Photographer Michael Cherney combines past and present, using the look and format of traditional Chinese ink paintings as the basis for photographs of the urban and industrial landscape of modern China. The subject of this photographic handscroll is Pan Zhi Hua, a city in the Sichuan province. The city is a major producer of titanium. It is also home to the leading steel company in southwest China. Cherney’s style of allowing considerable pixellation in his photographs to recreate the look of ink painting results in images that are not immediately recognizable as views of modern sites. Upon close inspection, however, the role of industry, and the power it requires, are apparent in this remarkable panorama of an urban setting.

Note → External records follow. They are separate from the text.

(* Let $G=(V,E,w)$ be a finite undirected graph with positive vertex weights and let $IS$ and $S$ be independent sets of $G$. (a) Suppose there is $I_w\in A_I$ with $IS\subseteq I_w$. If $IS'\subseteq N(IS)$ is an independent set with $w(IS')>w(IS\cap N(IS'))$, then there exists an independent set $IS''\subseteq N(IS')\setminus N[IS]$ such that $w(IS')\le w(IS\cap N(IS'))+w(IS'')$. Moreover, if there is exactly one independent set $IS''\subseteq N(IS')\setminus N[IS]$ satisfying this inequality, then $IS\cup IS''\subseteq I_w$. (b) Suppose $S$ is contained in every MWIS of $G$. Then for every nonempty independent set $S'\subseteq N(S)$ there is an independent set $S''\subseteq N(S')\setminus N[S]$ such that $w(S')<w(S\cap N(S'))+w(S'')$. Moreover, if there is exactly one independent set $S''\subseteq N(S')\setminus N[S]$ satisfying this strict inequality, then $S\cup S''$ is contained in every MWIS of $G$.
   Context: $G=(V,E,w)$ is a finite simple undirected graph with $w:V\to\mathbb{R}^{+}$. For $S\subseteq V$, $w(S)=\sum_{v\in S}w(v)$ (so $w(\emptyset)=0$). Independent sets are sets of pairwise non-adjacent vertices; the empty set is independent. A MWIS is an independent set of maximum total weight; $A_I$ is the set of all MWISs. $N(S)=\big(\bigcup_{v\in S}N(v)\big)\setminus S$ and $N[S]=N(S)\cup S$. *)

theory Defs
  imports Main "HOL.Real"
begin

definition wgraph :: "'a set \<Rightarrow> ('a \<Rightarrow> 'a \<Rightarrow> bool) \<Rightarrow> ('a \<Rightarrow> real) \<Rightarrow> bool" where
  "wgraph V E w \<longleftrightarrow> finite V \<and> (\<forall>u v. E u v \<longrightarrow> u \<in> V \<and> v \<in> V)
     \<and> (\<forall>u v. E u v \<longrightarrow> E v u) \<and> (\<forall>v. \<not> E v v) \<and> (\<forall>v\<in>V. w v > 0)"

definition weight :: "('a \<Rightarrow> real) \<Rightarrow> 'a set \<Rightarrow> real" where
  "weight w S = (\<Sum>v\<in>S. w v)"

definition indep :: "'a set \<Rightarrow> ('a \<Rightarrow> 'a \<Rightarrow> bool) \<Rightarrow> 'a set \<Rightarrow> bool" where
  "indep V E S \<longleftrightarrow> S \<subseteq> V \<and> (\<forall>u\<in>S. \<forall>v\<in>S. \<not> E u v)"

definition mwis :: "'a set \<Rightarrow> ('a \<Rightarrow> 'a \<Rightarrow> bool) \<Rightarrow> ('a \<Rightarrow> real) \<Rightarrow> 'a set \<Rightarrow> bool" where
  "mwis V E w I \<longleftrightarrow> indep V E I \<and> (\<forall>J. indep V E J \<longrightarrow> weight w J \<le> weight w I)"

definition nbhd :: "'a set \<Rightarrow> ('a \<Rightarrow> 'a \<Rightarrow> bool) \<Rightarrow> 'a set \<Rightarrow> 'a set" where
  "nbhd V E S = {v \<in> V. \<exists>u\<in>S. E u v} - S"

definition cnbhd :: "'a set \<Rightarrow> ('a \<Rightarrow> 'a \<Rightarrow> bool) \<Rightarrow> 'a set \<Rightarrow> 'a set" where
  "cnbhd V E S = nbhd V E S \<union> S"

end

theory Submission
  imports Defs
begin

text \<open>Let \<open>I\<close> be a MWIS containing the independent set \<open>S\<close>, and let \<open>T \<subseteq> N(S)\<close> be independent.
  Swapping \<open>T\<close> into \<open>I\<close>, i.e. replacing \<open>I \<inter> N(T)\<close> by \<open>T\<close>, again gives an independent set. Since
  \<open>I\<close> avoids \<open>N(S)\<close>, the removed part \<open>I \<inter> N(T)\<close> splits into \<open>S \<inter> N(T)\<close> and \<open>I \<inter> N(T) - N[S]\<close>, so
  maximality of \<open>I\<close> yields \<open>w(T) \<le> w(S \<inter> N(T)) + w(I \<inter> N(T) - N[S])\<close>. If \<open>S\<close> lies in every
  MWIS and \<open>T \<noteq> {}\<close>, the swapped set loses a vertex of \<open>S\<close>, so it is not a MWIS and the
  inequality is strict. In both cases \<open>I \<inter> N(T) - N[S]\<close> is an admissible \<open>S''\<close>; if the
  admissible set is unique, it is this one, and therefore lies in \<open>I\<close>.\<close>

lemma wgraph_finite_subset: "wgraph V E w \<Longrightarrow> X \<subseteq> V \<Longrightarrow> finite X"
  unfolding wgraph_def using finite_subset by blast

lemma indep_subset: "indep V E I \<Longrightarrow> J \<subseteq> I \<Longrightarrow> indep V E J"
  unfolding indep_def by blast

lemma indep_Int_nbhd_empty: "indep V E I \<Longrightarrow> S \<subseteq> I \<Longrightarrow> I \<inter> nbhd V E S = {}"
  unfolding indep_def nbhd_def by blast

lemma Int_nbhd_nonempty:
  assumes G: "wgraph V E w" and "T \<noteq> {}" and "T \<subseteq> nbhd V E S"
  shows "S \<inter> nbhd V E T \<noteq> {}"
proof -
  obtain y where y: "y \<in> T" using \<open>T \<noteq> {}\<close> by blast
  then obtain x where x: "x \<in> S" "E x y" using \<open>T \<subseteq> nbhd V E S\<close> unfolding nbhd_def by blast
  have "x \<notin> T" using \<open>T \<subseteq> nbhd V E S\<close> x(1) unfolding nbhd_def by blast
  with x y G have "x \<in> nbhd V E T" unfolding nbhd_def wgraph_def by blast
  with x(1) show ?thesis by blast
qed

lemma mwis_exists:
  assumes G: "wgraph V E w"
  shows "\<exists>I. mwis V E w I"
proof -
  let ?A = "{J. indep V E J}"
  have "?A \<subseteq> Pow V" unfolding indep_def by blast
  with G have fin: "finite ?A" unfolding wgraph_def by (meson finite_Pow_iff finite_subset)
  have "{} \<in> ?A" unfolding indep_def by simp
  with fin obtain I where "I \<in> ?A" "weight w I = Max (weight w ` ?A)"
    by (metis (no_types, lifting) Max_in empty_iff finite_imageI image_iff image_is_empty)
  with fin show ?thesis unfolding mwis_def by auto
qed

definition swap_in :: "'a set \<Rightarrow> ('a \<Rightarrow> 'a \<Rightarrow> bool) \<Rightarrow> 'a set \<Rightarrow> 'a set \<Rightarrow> 'a set" where
  "swap_in V E I T = (I - nbhd V E T) \<union> T"

lemma indep_swap_in:
  assumes G: "wgraph V E w" and I: "indep V E I" and T: "indep V E T"
  shows "indep V E (swap_in V E I T)"
  unfolding indep_def swap_in_def
proof (intro conjI ballI notI)
  show "I - nbhd V E T \<union> T \<subseteq> V" using I T unfolding indep_def by blast
next
  fix u v assume u: "u \<in> I - nbhd V E T \<union> T" and v: "v \<in> I - nbhd V E T \<union> T" and "E u v"
  then have "E v u" "u \<in> V" "v \<in> V" using G unfolding wgraph_def by blast+
  with u v \<open>E u v\<close> I T show False unfolding indep_def nbhd_def by blast
qed

lemma weight_swap_in:
  assumes G: "wgraph V E w" and I: "indep V E I" and "S \<subseteq> I"
    and T: "indep V E T" and "T \<subseteq> nbhd V E S"
  shows "weight w (swap_in V E I T) =
    weight w I - (weight w (S \<inter> nbhd V E T) + weight w (I \<inter> nbhd V E T - cnbhd V E S)) + weight w T"
proof -
  have fin: "finite I" "finite T"
    using I T wgraph_finite_subset[OF G] unfolding indep_def by auto
  have IN: "I \<inter> nbhd V E S = {}" using indep_Int_nbhd_empty[OF I \<open>S \<subseteq> I\<close>] .
  with \<open>T \<subseteq> nbhd V E S\<close> have IT: "I \<inter> T = {}" by blast
  define R where "R = I \<inter> nbhd V E T - cnbhd V E S"
  have split: "I \<inter> nbhd V E T = (S \<inter> nbhd V E T) \<union> R"
    using IN \<open>S \<subseteq> I\<close> unfolding R_def cnbhd_def by auto
  have lost: "weight w (I \<inter> nbhd V E T) = weight w (S \<inter> nbhd V E T) + weight w R"
    unfolding weight_def split
  proof (rule sum.union_disjoint)
    show "finite (S \<inter> nbhd V E T)" "finite R"
      using fin(1) \<open>S \<subseteq> I\<close> unfolding R_def by (auto intro: finite_subset)
    show "S \<inter> nbhd V E T \<inter> R = {}"
      unfolding R_def cnbhd_def by blast
  qed
  have "weight w I = weight w (I - nbhd V E T) + weight w (I \<inter> nbhd V E T)"
    unfolding weight_def using sum.Int_Diff[OF fin(1), of w "nbhd V E T"] by linarith
  moreover have "weight w (swap_in V E I T) = weight w (I - nbhd V E T) + weight w T"
    unfolding weight_def swap_in_def using fin IT by (intro sum.union_disjoint) auto
  ultimately show ?thesis using lost unfolding R_def by linarith
qed

lemma mwis_swap_bound:
  assumes G: "wgraph V E w" and I: "mwis V E w I" and "S \<subseteq> I"
    and T: "indep V E T" and "T \<subseteq> nbhd V E S"
  shows "weight w T \<le> weight w (S \<inter> nbhd V E T) + weight w (I \<inter> nbhd V E T - cnbhd V E S)"
proof -
  have "indep V E I" using I unfolding mwis_def by blast
  then have "weight w (swap_in V E I T) \<le> weight w I"
    using I indep_swap_in[OF G _ T] unfolding mwis_def by blast
  with weight_swap_in[OF G \<open>indep V E I\<close> assms(3-5)] show ?thesis by linarith
qed

lemma mwis_swap_bound_strict:
  assumes G: "wgraph V E w" and common: "\<forall>J. mwis V E w J \<longrightarrow> S \<subseteq> J" and I: "mwis V E w I"
    and T: "indep V E T" and "T \<noteq> {}" and "T \<subseteq> nbhd V E S"
  shows "weight w T < weight w (S \<inter> nbhd V E T) + weight w (I \<inter> nbhd V E T - cnbhd V E S)"
proof -
  have "indep V E I" and "S \<subseteq> I" using I common unfolding mwis_def by blast+
  obtain x where x: "x \<in> S" "x \<in> nbhd V E T"
    using Int_nbhd_nonempty[OF G \<open>T \<noteq> {}\<close> \<open>T \<subseteq> nbhd V E S\<close>] by blast
  with \<open>T \<subseteq> nbhd V E S\<close> have "x \<notin> swap_in V E I T"
    unfolding swap_in_def nbhd_def by blast
  with x common have "\<not> mwis V E w (swap_in V E I T)" by blast
  with indep_swap_in[OF G \<open>indep V E I\<close> T] obtain J
    where "indep V E J" "weight w (swap_in V E I T) < weight w J"
    unfolding mwis_def by force
  with I have "weight w (swap_in V E I T) < weight w I"
    unfolding mwis_def by force
  with weight_swap_in[OF G \<open>indep V E I\<close> \<open>S \<subseteq> I\<close> T \<open>T \<subseteq> nbhd V E S\<close>] show ?thesis by linarith
qed

lemma indep_Int_nbhd_Diff_cnbhd:
  "indep V E I \<Longrightarrow> indep V E (I \<inter> nbhd V E T - cnbhd V E S)"
  by (rule indep_subset) auto

theorem theorem2p2:
  fixes V :: "'a set" and E :: "'a \<Rightarrow> 'a \<Rightarrow> bool" and w :: "'a \<Rightarrow> real"
    and IS S :: "'a set"
  assumes G: "wgraph V E w"
    and IS_ind: "indep V E IS" and S_ind: "indep V E S"
  shows
    "(\<forall>Iw. mwis V E w Iw \<and> IS \<subseteq> Iw \<longrightarrow>
       (\<forall>IS'. indep V E IS' \<and> IS' \<subseteq> nbhd V E IS
              \<and> weight w IS' > weight w (IS \<inter> nbhd V E IS') \<longrightarrow>
          (\<exists>IS''. indep V E IS'' \<and> IS'' \<subseteq> nbhd V E IS' - cnbhd V E IS
                  \<and> weight w IS' \<le> weight w (IS \<inter> nbhd V E IS') + weight w IS'')
        \<and> (\<forall>IS''. (indep V E IS'' \<and> IS'' \<subseteq> nbhd V E IS' - cnbhd V E IS
                  \<and> weight w IS' \<le> weight w (IS \<inter> nbhd V E IS') + weight w IS'')
                 \<and> (\<forall>X. indep V E X \<and> X \<subseteq> nbhd V E IS' - cnbhd V E IS
                        \<and> weight w IS' \<le> weight w (IS \<inter> nbhd V E IS') + weight w X
                        \<longrightarrow> X = IS'')
                 \<longrightarrow> IS \<union> IS'' \<subseteq> Iw)))
   \<and>
    ((\<forall>I. mwis V E w I \<longrightarrow> S \<subseteq> I) \<longrightarrow>
       (\<forall>S'. indep V E S' \<and> S' \<noteq> {} \<and> S' \<subseteq> nbhd V E S \<longrightarrow>
          (\<exists>S''. indep V E S'' \<and> S'' \<subseteq> nbhd V E S' - cnbhd V E S
                 \<and> weight w S' < weight w (S \<inter> nbhd V E S') + weight w S'')
        \<and> (\<forall>S''. (indep V E S'' \<and> S'' \<subseteq> nbhd V E S' - cnbhd V E S
                  \<and> weight w S' < weight w (S \<inter> nbhd V E S') + weight w S'')
                 \<and> (\<forall>X. indep V E X \<and> X \<subseteq> nbhd V E S' - cnbhd V E S
                        \<and> weight w S' < weight w (S \<inter> nbhd V E S') + weight w X
                        \<longrightarrow> X = S'')
                 \<longrightarrow> (\<forall>I. mwis V E w I \<longrightarrow> S \<union> S'' \<subseteq> I))))"
proof (intro conjI allI impI)
  fix Iw IS' assume Iw: "mwis V E w Iw \<and> IS \<subseteq> Iw"
    and IS': "indep V E IS' \<and> IS' \<subseteq> nbhd V E IS \<and> weight w IS' > weight w (IS \<inter> nbhd V E IS')"
  let ?R = "Iw \<inter> nbhd V E IS' - cnbhd V E IS"
  have R: "indep V E ?R" "?R \<subseteq> nbhd V E IS' - cnbhd V E IS"
    "weight w IS' \<le> weight w (IS \<inter> nbhd V E IS') + weight w ?R"
    using Iw IS' indep_Int_nbhd_Diff_cnbhd[of V E Iw] mwis_swap_bound[OF G]
    unfolding mwis_def by auto
  then show "\<exists>IS''. indep V E IS'' \<and> IS'' \<subseteq> nbhd V E IS' - cnbhd V E IS
      \<and> weight w IS' \<le> weight w (IS \<inter> nbhd V E IS') + weight w IS''"
    by blast
  fix IS'' assume "(indep V E IS'' \<and> IS'' \<subseteq> nbhd V E IS' - cnbhd V E IS
      \<and> weight w IS' \<le> weight w (IS \<inter> nbhd V E IS') + weight w IS'')
    \<and> (\<forall>X. indep V E X \<and> X \<subseteq> nbhd V E IS' - cnbhd V E IS
      \<and> weight w IS' \<le> weight w (IS \<inter> nbhd V E IS') + weight w X \<longrightarrow> X = IS'')"
  then have "?R = IS''" using R by blast
  with Iw show "IS \<union> IS'' \<subseteq> Iw" by blast
next
  fix S' assume common: "\<forall>I. mwis V E w I \<longrightarrow> S \<subseteq> I"
    and S': "indep V E S' \<and> S' \<noteq> {} \<and> S' \<subseteq> nbhd V E S"
  have R: "indep V E (I \<inter> nbhd V E S' - cnbhd V E S)"
    "I \<inter> nbhd V E S' - cnbhd V E S \<subseteq> nbhd V E S' - cnbhd V E S"
    "weight w S' < weight w (S \<inter> nbhd V E S') + weight w (I \<inter> nbhd V E S' - cnbhd V E S)"
    if I: "mwis V E w I" for I
    using I S' indep_Int_nbhd_Diff_cnbhd[of V E I] mwis_swap_bound_strict[OF G common I]
    unfolding mwis_def by auto
  obtain I0 where "mwis V E w I0" using mwis_exists[OF G] by blast
  from R[OF this] show "\<exists>S''. indep V E S'' \<and> S'' \<subseteq> nbhd V E S' - cnbhd V E S
      \<and> weight w S' < weight w (S \<inter> nbhd V E S') + weight w S''" by blast
  fix S'' I assume "(indep V E S'' \<and> S'' \<subseteq> nbhd V E S' - cnbhd V E S
      \<and> weight w S' < weight w (S \<inter> nbhd V E S') + weight w S'')
    \<and> (\<forall>X. indep V E X \<and> X \<subseteq> nbhd V E S' - cnbhd V E S
      \<and> weight w S' < weight w (S \<inter> nbhd V E S') + weight w X \<longrightarrow> X = S'')"
    and I: "mwis V E w I"
  then have "I \<inter> nbhd V E S' - cnbhd V E S = S''" using R[OF I] by blast
  with common I show "S \<union> S'' \<subseteq> I" by blast
qed

end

Sarah Laursen, Assistant Professor of History of Art and Architecture and Curator of Asian Art, Middlebury College Museum of Art, writes of Cherney:
Michael Cherney, whose Chinese name Qiu Mai秋麥 (“Autumn Wheat”) evokes both the natural landscape and the sound of his English name, is an American-born photographer who has lived in China intermittently since 1991. The Ten Thousand Li of the Yangzi River series was inspired by a Southern Song (1127–1179 C.E.) painting of the same name at the Freer Gallery of Art.
The act of photographing is spontaneous—the final result is not premeditated. However, the process of selecting and printing the minute passages and then mounting them using traditional materials is a painstaking one. For Cherney, the centuries-old formats and techniques he uses complement the finished product—they affect the pacing of the scene, the subtle blur of the ink, and the physical presence of the work of art. Indeed, the grainy pixellated quality of the photograph almost perfectly emulates the textured brushstrokes produced by ancient masters.
The Yangtze River (or Yangzi) is the longest river in Asia, originating in the high elevations of Qinghai and Sichuan province and winding its way toward Shanghai, where it empties into the East China Sea. Its physical beauty and historical importance to Chinese agriculture and commerce cannot be underestimated, and it has been a popular subject of landscape painters. However, in recent years, the natural environment has been dramatically transformed by the growth of cities along its banks and the building of the controversial Three Gorges Dam.